I noticed that the Canon XTi uses the hailed CMOS, but
its rival...the Nikon D40x uses a DX RGB sensor.

is there anything better or worse about either regarding
quality of image?


----------



## shorty6049 (Feb 20, 2008)

i thought the nikon used a CCD sensor...


in any case, i'm sure CMOS is probably better....


----------



## Garbz (Feb 22, 2008)

Err no. You can argue the merits of CMOS vs CCD all day. The fact is one runs at a lower voltage then the other. That's about where the non-technical differences end. In terms of quality there are good and bad implementations of both. However the move recently is towards CMOS sensors. 

RGB is the colour format and that's not quite right. Nikon, Canon and all but sigma use a RGBG Beyer array filter. Sigma use a ??Fovern?? or something like that filter where each pixel picks up full colour.

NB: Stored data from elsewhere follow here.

text \<open>The \<open>\<sigma> x y\<close> are isometries for the Frobenius norm, so the trajectories hitting \<open>j\<close> at
  time \<open>T\<close> weigh at most \<open>norm (mat 1)\<close> times their probability.\<close>
lemma norm_hit_weight_le: "norm (hit_weight j T x) \<le> norm (mat 1 :: real^'d^'d) * hit_prob j T x"
proof (induction T arbitrary: x)
  case (Suc T)
  have step: "walk_prob x y * norm (\<sigma> x y ** A) = walk_prob x y * norm A" for y A
    using orthogonal_matrix_\<sigma>[of x y] w_nonneg[of x y]
    by (cases "w x y > 0") (simp_all add: norm_orthogonal_matrix_mult walk_prob_def)
  have "norm (\<Sum>y\<in>UNIV. walk_prob x y *\<^sub>R (\<sigma> x y ** hit_weight j T y))
      \<le> (\<Sum>y\<in>UNIV. norm (walk_prob x y *\<^sub>R (\<sigma> x y ** hit_weight j T y)))"
    by (rule norm_sum)
  also have "\<dots> = (\<Sum>y\<in>UNIV. walk_prob x y * norm (hit_weight j T y))"
    by (simp add: walk_prob_nonneg step)
  also have "\<dots> \<le> (\<Sum>y\<in>UNIV. walk_prob x y * (norm (mat 1 :: real^'d^'d) * hit_prob j T y))"
    by (intro sum_mono mult_left_mono Suc.IH walk_prob_nonneg)
  finally show ?case
    by (simp add: hit_weight_Suc sum_distrib_left mult_ac)
qed (simp add: hit_weight_0)

lemma summable_hit_weight: "summable (\<lambda>T. hit_weight j T x)"
proof (rule summable_comparison_test)
  show "\<exists>N. \<forall>T\<ge>N. norm (hit_weight j T x) \<le> norm (mat 1 :: real^'d^'d) * hit_prob j T x"
    using norm_hit_weight_le by blast
  show "summable (\<lambda>T. norm (mat 1 :: real^'d^'d) * hit_prob j T x)"
    by (intro summable_mult summableI_nonneg_bounded[where x=1] hit_prob_nonneg sum_hit_prob_le_1)
qed

lemma Omega0_self: "Omega0 w \<sigma> j j = mat 1"
proof -
  have "hit_weight j T j = (if T = 0 then mat 1 else 0)" for T
    by (cases T) (simp_all add: hit_weight_0 hit_weight_Suc)
  moreover have "(\<lambda>T. if T = 0 then mat 1 else 0) sums (mat 1 :: real^'d^'d)"
    using sums_single[of 0 "\<lambda>_. mat 1 :: real^'d^'d"] by simp
  ultimately show ?thesis
    by (simp add: Omega0_eq_suminf_hit_weight sums_iff)
qed

lemma Omega0_step:
  assumes "x \<noteq> j"
  shows "Omega0 w \<sigma> x j = (\<Sum>y\<in>UNIV. walk_prob x y *\<^sub>R (\<sigma> x y ** Omega0 w \<sigma> y j))"
proof -
  have bl: "bounded_linear (\<lambda>A. walk_prob x y *\<^sub>R (\<sigma> x y ** A))" for y
    by (rule bounded_linear_compose[OF bounded_linear_scaleR_right bounded_linear_matrix_mult_left])
  have "Omega0 w \<sigma> x j = (\<Sum>T. hit_weight j (Suc T) x)"
    using suminf_split_head[OF summable_hit_weight[of j x]] assms
    by (simp add: Omega0_eq_suminf_hit_weight hit_weight_0)
  also have "\<dots> = (\<Sum>y\<in>UNIV. \<Sum>T. walk_prob x y *\<^sub>R (\<sigma> x y ** hit_weight j T y))"
    using assms by (simp add: hit_weight_Suc suminf_sum bounded_linear.summable[OF bl summable_hit_weight])
  also have "\<dots> = (\<Sum>y\<in>UNIV. walk_prob x y *\<^sub>R (\<sigma> x y ** Omega0 w \<sigma> y j))"
    by (simp add: Omega0_eq_suminf_hit_weight bounded_linear.suminf[OF bl summable_hit_weight])
  finally show ?thesis .
qed

lemma conn_lap_Omega0:
  assumes "x \<noteq> j"
  shows "(\<Sum>q\<in>UNIV. L (x, a) q * Omega0 w \<sigma> (fst q) j $ snd q $ b) = 0"
proof -
  have col: "vertex_vec (\<lambda>q. Omega0 w \<sigma> (fst q) j $ snd q $ b) y = column b (Omega0 w \<sigma> y j)" for y
    by (simp add: vertex_vec_def column_def)
  have "deg w x *\<^sub>R Omega0 w \<sigma> x j = (\<Sum>y\<in>UNIV. w x y *\<^sub>R (\<sigma> x y ** Omega0 w \<sigma> y j))"
    using deg_pos[OF assms] by (subst Omega0_step[OF assms]) (simp add: scaleR_sum_right walk_prob_def)
  then show ?thesis
    by (simp add: conn_lap_mult col column_def vec_eq_iff matrix_vector_mult_def
        matrix_matrix_mult_def sum_distrib_left mult_ac)
qed

end

section \<open>Absolutely inconsistent connection graphs\<close>

locale absolutely_inconsistent_conn_graph =
  conn_graph w \<sigma> for w :: "'v::finite \<Rightarrow> 'v \<Rightarrow> real" and \<sigma> :: "'v \<Rightarrow> 'v \<Rightarrow> real^'d::finite^'d" +
  assumes conn_lap_invertible:
    "\<exists>M. fmmul UNIV (conn_lap w \<sigma>) M = fmid \<and> fmmul UNIV M (conn_lap w \<sigma>) = fmid"
begin

lemma pinv_conn_lap_left_inverse: "fmmul UNIV (pinv_on UNIV L) L = fmid"
proof -
  obtain M where "fmmul UNIV L M = fmid" "fmmul UNIV M L = fmid"
    using conn_lap_invertible by blast
  moreover from this have "pinv_on UNIV L = M"
    by (intro pinv_on_eqI) (simp_all add: is_inverse_on_def eq_on_def)
  ultimately show ?thesis
    by simp
qed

DX is the sensor size. DX = APS-C which is the same as All canons except for the 5D, and 1Ds cameras, and all Nikons except for the D3 FX


----------



## shorty6049 (Feb 22, 2008)

foveon*


----------



## Garbz (Feb 22, 2008)

I was much closer than I thought I was. Thanks.


----------



## brileyphotog (Feb 23, 2008)

I'm pretty sure that Nikon uses/has used both CCD and CMOS sensors, depending on the model. I think most of their P&S cameras have CCD sensors.


----------



## lifeafter2am (Feb 23, 2008)

shorty6049 said:


> i thought the nikon used a CCD sensor...
> 
> 
> in any case, i'm sure CMOS is probably better....



The D3 and D300 both use CMOS sensors.


----------



## Garbz (Feb 23, 2008)

And just to completely screw with your minds the D2H used a JMOS sensor


----------



## kobayashi (Feb 24, 2008)

Also D2X and D2Xs use some Nikon implementation of CMOS sensor, supposedly produced by Sony (completely or partially), named JFET-LBCAST (Lateral Buried Charge Accumulator and Sensing Transistor array).
It is roumored that Nikon FX sensor is also developed by Nikon and is based on this sensor, but there are no confirmations that the sensor is produced by Sony. However, some claim that only chips are made by some other company, while implementations of microlens and other things are done by Nikon.


----------